Wool, Sheep numbers down dramatically 30-40%, demand steady, clip will be finer due to drought conditions, therefore economics say price will strengthen.

Cattle lower numbers, greatly reduced breeding herd in NSW & VIC.  Store cattle will be at historically short supply once the season breaks and a re-stocker market forms.  As far as feed lotters are concerned grain supply will remain tight until next harvest, and feed on quality cattle are also going to be short, combine this with the possibility of a strengthening dollar, and further rise in interest rates and the US re-entering the Asian markets, it could be a year of very few smiles and reduced profit margins.  Currently I am long Feeder Cattle, and unfortunately short grass, excuse the pun.

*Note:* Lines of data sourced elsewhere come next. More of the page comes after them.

lemma alloc_fun_upd_integrable:
  assumes "i < n" "t \<in> {0..vbar}"
  shows "integrable M (\<lambda>v. A (v(i := t)) i)"
proof -
  interpret prob_space M by (rule prob_space_M)
  show ?thesis
    by (rule integrable_const_bound[where B = 1])
      (use assms alloc_nonneg alloc_le_1 fun_upd_in_space_M alloc_fun_upd_measurable in auto)
qed

definition others_in :: "nat \<Rightarrow> real set \<Rightarrow> (nat \<Rightarrow> real) set" where
  "others_in i T = (\<Pi>\<^sub>E k\<in>{..<n}. if k = i then {0..vbar} else T)"

lemma others_in_sets: "T \<subseteq> {0..vbar} \<Longrightarrow> T \<in> sets borel \<Longrightarrow> others_in i T \<in> sets M"
  unfolding profile_measure_def others_in_def
  by (rule sets_PiM_I_finite) (auto intro: borel_subset_in_sets_D)

lemma measure_others_in:
  assumes i: "i < n" and T: "T \<subseteq> {0..vbar}" "T \<in> sets borel"
  shows "measure M (others_in i T) = measure D T ^ (n - 1)"
proof -
  interpret D: prob_space D by (rule prob_space_D)
  have "emeasure M (others_in i T) = emeasure D T ^ (n - 1)"
    using emeasure_PiM_box_but_one[OF prob_space_D, of "{..<n}" i T, unfolded space_D] i T
    by (simp add: profile_measure_def others_in_def borel_subset_in_sets_D)
  also have "\<dots> = ennreal (measure D T ^ (n - 1))"
    by (simp add: D.emeasure_eq_measure ennreal_power)
  finally show ?thesis
    by (simp add: measure_def)
qed

lemma alloc_fun_upd_if_others_below:
  assumes v: "v \<in> space M" "v \<in> others_in i {0..<t}" and i: "i < n" and t: "t \<in> {0..vbar}"
  shows "A (v(i := t)) i = 1"
proof -
  have vt: "v(i := t) \<in> space M" by (rule fun_upd_in_space_M[OF v(1) i t])
  obtain w where w: "w < n" "A (v(i := t)) w = 1" by (rule alloc_ex_winner[OF vt])
  have "w = i"
  proof (rule ccontr)
    assume "w \<noteq> i"
    then have "v w < t" using PiE_mem[OF v(2)[unfolded others_in_def], of w] w(1) by simp
    moreover have "t \<le> v w" using alloc_highest[OF vt w i] \<open>w \<noteq> i\<close> by simp
    ultimately show False by simp
  qed
  then show ?thesis using w by simp
qed

lemma others_le_if_alloc_fun_upd:
  assumes v: "v \<in> space M" and i: "i < n" and t: "t \<in> {0..vbar}" and win: "A (v(i := t)) i = 1"
  shows "v \<in> others_in i {0..t}"
proof -
  have vt: "v(i := t) \<in> space M" by (rule fun_upd_in_space_M[OF v i t])
  have "v k \<in> {0..t}" if "k < n" "k \<noteq> i" for k
    using alloc_highest[OF vt i win that(1)] component_in_space_M[OF v that(1)] that by simp
  then show ?thesis
    using v component_in_space_M[OF v] by (auto simp: others_in_def PiE_iff space_M)
qed

lemma alloc_fun_upd_between_indicators:
  assumes v: "v \<in> space M" and i: "i < n" and t: "t \<in> {0..vbar}"
  shows "indicator (others_in i {0..<t}) v \<le> A (v(i := t)) i"
    and "A (v(i := t)) i \<le> indicator (others_in i {0..t}) v"
proof -
  have vt: "v(i := t) \<in> space M" by (rule fun_upd_in_space_M[OF v i t])
  show "indicator (others_in i {0..<t}) v \<le> A (v(i := t)) i"
    by (cases "v \<in> others_in i {0..<t}")
      (simp_all add: alloc_fun_upd_if_others_below[OF v _ i t] alloc_nonneg[OF vt i])
  show "A (v(i := t)) i \<le> indicator (others_in i {0..t}) v"
    using alloc_01[OF vt i] others_le_if_alloc_fun_upd[OF v i t] by auto
qed

text \<open>The allocation of bidder i at \<open>v(i := t)\<close> is squeezed between the events "all others
  below t" and "all others at most t", which have equal probability since D has no atoms; hence
  the tie-breaking rule does not matter.\<close>

lemma interim_alloc_eq_power:
  assumes i: "i < n" and t: "t \<in> {0..vbar}"
  shows "x i t = measure D {0..<t} ^ (n - 1)"
proof -
  interpret prob_space M by (rule prob_space_M)
  have sets: "others_in i {0..<t} \<in> sets M" "others_in i {0..t} \<in> sets M"
    using t by (auto intro!: others_in_sets)
  then have integrable: "integrable M (indicator (others_in i {0..<t}) :: _ \<Rightarrow> real)"
    "integrable M (indicator (others_in i {0..t}) :: _ \<Rightarrow> real)"
    by (auto intro!: integrable_real_indicator simp: less_top[symmetric])
  have "measure M (others_in i {0..<t}) \<le> x i t"
    unfolding interim_alloc_def
    using integral_mono[OF integrable(1) alloc_fun_upd_integrable[OF i t]
        alloc_fun_upd_between_indicators(1)[OF _ i t]] sets(1) by simp
  moreover have "x i t \<le> measure M (others_in i {0..t})"
    unfolding interim_alloc_def
    using integral_mono[OF alloc_fun_upd_integrable[OF i t] integrable(2)
        alloc_fun_upd_between_indicators(2)[OF _ i t]] sets(2) by simp
  moreover have "measure D {0..t} = measure D {0..<t}"
  proof -
    have "measure D ({0..<t} \<union> {t}) = measure D {0..<t}"
      by (rule measure_Un_null_set) (use t in \<open>auto intro: borel_subset_in_sets_D singleton_null_sets_D\<close>)
    moreover have "{0..<t} \<union> {t} = {0..t}" using t by auto
    ultimately show ?thesis by simp
  qed
  moreover have "measure M (others_in i T) = measure D T ^ (n - 1)" if "T = {0..<t} \<or> T = {0..t}" for T
    using that t by (intro measure_others_in[OF i]) auto
  ultimately show ?thesis
    by (metis order_antisym)
qed

lemma interim_alloc_nonneg: "i < n \<Longrightarrow> t \<in> {0..vbar} \<Longrightarrow> 0 \<le> x i t"
  by (simp add: interim_alloc_eq_power)

lemma interim_alloc_le_1:
  assumes "i < n" and "t \<in> {0..vbar}"
  shows "x i t \<le> 1"
proof -
  interpret D: prob_space D by (rule prob_space_D)
  show ?thesis
    using assms by (simp add: interim_alloc_eq_power power_le_one)
qed

lemma interim_alloc_symmetric: "i < n \<Longrightarrow> j < n \<Longrightarrow> t \<in> {0..vbar} \<Longrightarrow> x i t = x j t"
  by (simp add: interim_alloc_eq_power)

lemma interim_alloc_mono_on: "i < n \<Longrightarrow> mono_on {0..vbar} (x i)"
proof (rule mono_onI)
  interpret D: prob_space D by (rule prob_space_D)
  fix s t
  assume i: "i < n" and s: "s \<in> {0..vbar}" and t: "t \<in> {0..vbar}" and "s \<le> t"
  have "measure D {0..<s} \<le> measure D {0..<t}"
    by (rule D.finite_measure_mono) (use \<open>s \<le> t\<close> t in \<open>auto intro: borel_subset_in_sets_D\<close>)
  then show "x i s \<le> x i t"
    by (simp add: interim_alloc_eq_power[OF i s] interim_alloc_eq_power[OF i t] power_mono)
qed
(* Sliding the window one step only exchanges position q for q + k, which has the
   same phase. *)
lemma window_shift_sub:
  "window k t P q \<subseteq> insert (phase k t q) (window k t P (q + 1))"
proof
  fix r assume "r \<in> window k t P q"
  then obtain p where p: "r = phase k t p" "q \<le> p" "p < q + k" "P p"
    unfolding window_def by blast
  show "r \<in> insert (phase k t q) (window k t P (q + 1))"
  proof (cases "p = q")
    case False
    then have "q + 1 \<le> p \<and> p < q + 1 + k" using p by simp
    then show ?thesis using p unfolding window_def by blast
  qed (use p in simp)
qed

lemma window_shift_sup:
  "window k t P (q + 1) - {phase k t q} \<subseteq> window k t P q"
proof
  fix r assume r: "r \<in> window k t P (q + 1) - {phase k t q}"
  then obtain p where p: "r = phase k t p" "q + 1 \<le> p" "p < q + 1 + k" "P p"
    unfolding window_def by blast
  have "p \<noteq> q + k" using r p phase_period[of k t q] by auto
  then have "q \<le> p \<and> p < q + k" using p by simp
  then show "r \<in> window k t P q" using p unfolding window_def by blast
qed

Grain, with lower livestock numbers, more hectares of winter crop will be planted.  Planting area will be dictated ultimately by the timeliness of break rainfall and the generosity and empathy of the banking sector.  Generally wheat is the preferred flavour.  Smarter operators have taken advantage of derivatives to put a floor in next years crop value.  Something to watch here is when the feed and milling grain prices converge in price on a rising curve, this often means that you are nearing a top.  I suggest that if you want to trade these things then you need to get you head around deciles.  For example the corn price is in the 99th decile i.e. it has only spent 1% of its time at a higher value. (I know! The same comments were made about copper, zinc & oil etc.)

Corn, Cotton and Rice are interesting beasts at the moment.  Watch carefully water storages, allocations, and government legislation to get an idea of planting area next year, all these puppies need irrigation, very little dryland stuff grown especially the last few years. Even though corn is used in ethanol production it can be substituted for wheat or sorghum, both of with are grown in large quantities on dryland production.

Good Luck with it

It will require more detailed research as there is less of it done than with other commodities.  Last recommendation is that there is an old rule of thumb in the bush “Take what ever ABARE says and halve it, and what they think will be good will ultimately go bad”


This is why I trade shares

Happy trading


----------